Distinctively Dissimilar Impurities

As has been mentioned above, the impurity of concern in this scenario is usually much more sensitive than the desired product to the mode of detection. It logically follows that most often such impurity has a structure quite different from the product itself.  Thus the impurity is unlikely to be a diastereoisomer or a geometric isomer of the product.  The more common sources of such quite different impurities are a distinctly different substance that is an impurity in one of the immediate precursor starting materials of the product. A common cause of these impurities is local concentration effects related to stirring inefficiencies or variations in the ratios of reactants and products during their combination in the synthesis.

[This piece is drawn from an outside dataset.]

(* Fix a slot $n$ and a state $(\mathbf x(n),\mathbf g(n))$ of the model in the context. Let $\pi\in\Pi$ choose the feasible withdrawal vector $\mathbf y(n)$ at slot $n$, let $\mathbf y^{MB}(n)$ be the withdrawal vector chosen by an MB policy at the same slot in the same state, and let $\mathbf D=\mathbf y^{MB}(n)-\mathbf y(n)\in\mathbb Z^{L+1}$. Then (a) if $\mathbf D=0$, $\pi$ has the MB property at time $n$; and (b) if $\pi$ has the MB property at time $n$, every component of $\mathbf D$ equals $0$, $+1$ or $-1$.
   Context: Model: slotted time; real queues $1,\dots,L$, dummy queue $0$, $K$ identical servers. In slot $n$ the state is $(\mathbf x(n),\mathbf g(n))$: $x_i(n)\in\mathbb Z_+$ queue lengths ($x_0=0$), $g_{i,j}(n)\in\{0,1\}$ connectivity of queue $i$ to server $j$, with $g_{0,j}=1$. A scheduling control $\mathbf q\in\{0,\dots,L\}^K$ assigns server $j$ to queue $q_j$ ($0$ = idle); it is feasible if $g_{q_j,j}=1$ for all $j$ and for each $i\ge1$ at most $x_i$ servers are assigned to $i$. Its withdrawal vector is $y_i=\#\{j:q_j=i\}$, $i=0,\dots,L$; feasible withdrawal vectors are those arising from feasible $\mathbf q$; their set is $\mathcal Y(\mathbf x,\mathbf g)$. A policy chooses at each slot a feasible withdrawal vector as a measurable function of the history; $\Pi$ is the set of policies. Updated sizes: $\hat x_i(n)=x_i(n)-y_i(n)$ (so $\hat x_0(n)=-y_0(n)$). Imbalance index: $\kappa_n(\pi)=\sum_{i=1}^{L}\sum_{j=i+1}^{L+1}(\hat x_{[i]}(n)-\hat x_{[j]}(n))$, where $[1],\dots,[L]$ order the real queues by non-increasing $\hat x$ and $[L+1]=0$. $\pi$ has the MB property at time $n$ if its $\mathbf y(n)$ minimizes $\kappa_n$ over $\mathcal Y(\mathbf x(n),\mathbf g(n))$; an MB policy has the MB property at every slot. *)

theory Defs
  imports Main
begin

Distinctively Similar Impurities

Impurities that are very similar in structure to the desired compound display different characteristics. Most often these arise from impurities already present in the starting materials; particularly homologs and isomers of the purchased starting substances. These usually have almost the same sensitivity to a detector as the desired product so the estimate of their amount is usually good but they are the most difficult to purge by changing reaction conditions and the most likely to become trapped and to co-crystallize with the product. These impurities are most easily eliminated by purifying the starting materials. The starting materials are typically much smaller molecules and distillation is often applicable. Also, a different commercial supplier may sell the material minus the impurity of concern, since the impurity is often related to their route of synthesis.

Purging of Impurities

Process chemists need to constantly keep in mind that it is a great waste to spend resources performing a purification if the later steps in the overall process sequence themselves provide means to keep the impurity (or the impurities derived by its transformation) out of the final product. This automatic purification provided by the processing itself is commonly called 'purging'. It is difficult, however, to distinguish between an impurity that is removed by subsequent processing and the impurity that is further transformed in parallel and is carried along becoming harder and harder to detect analytically as it is further transformed. and becomes part of a larger and larger molecule.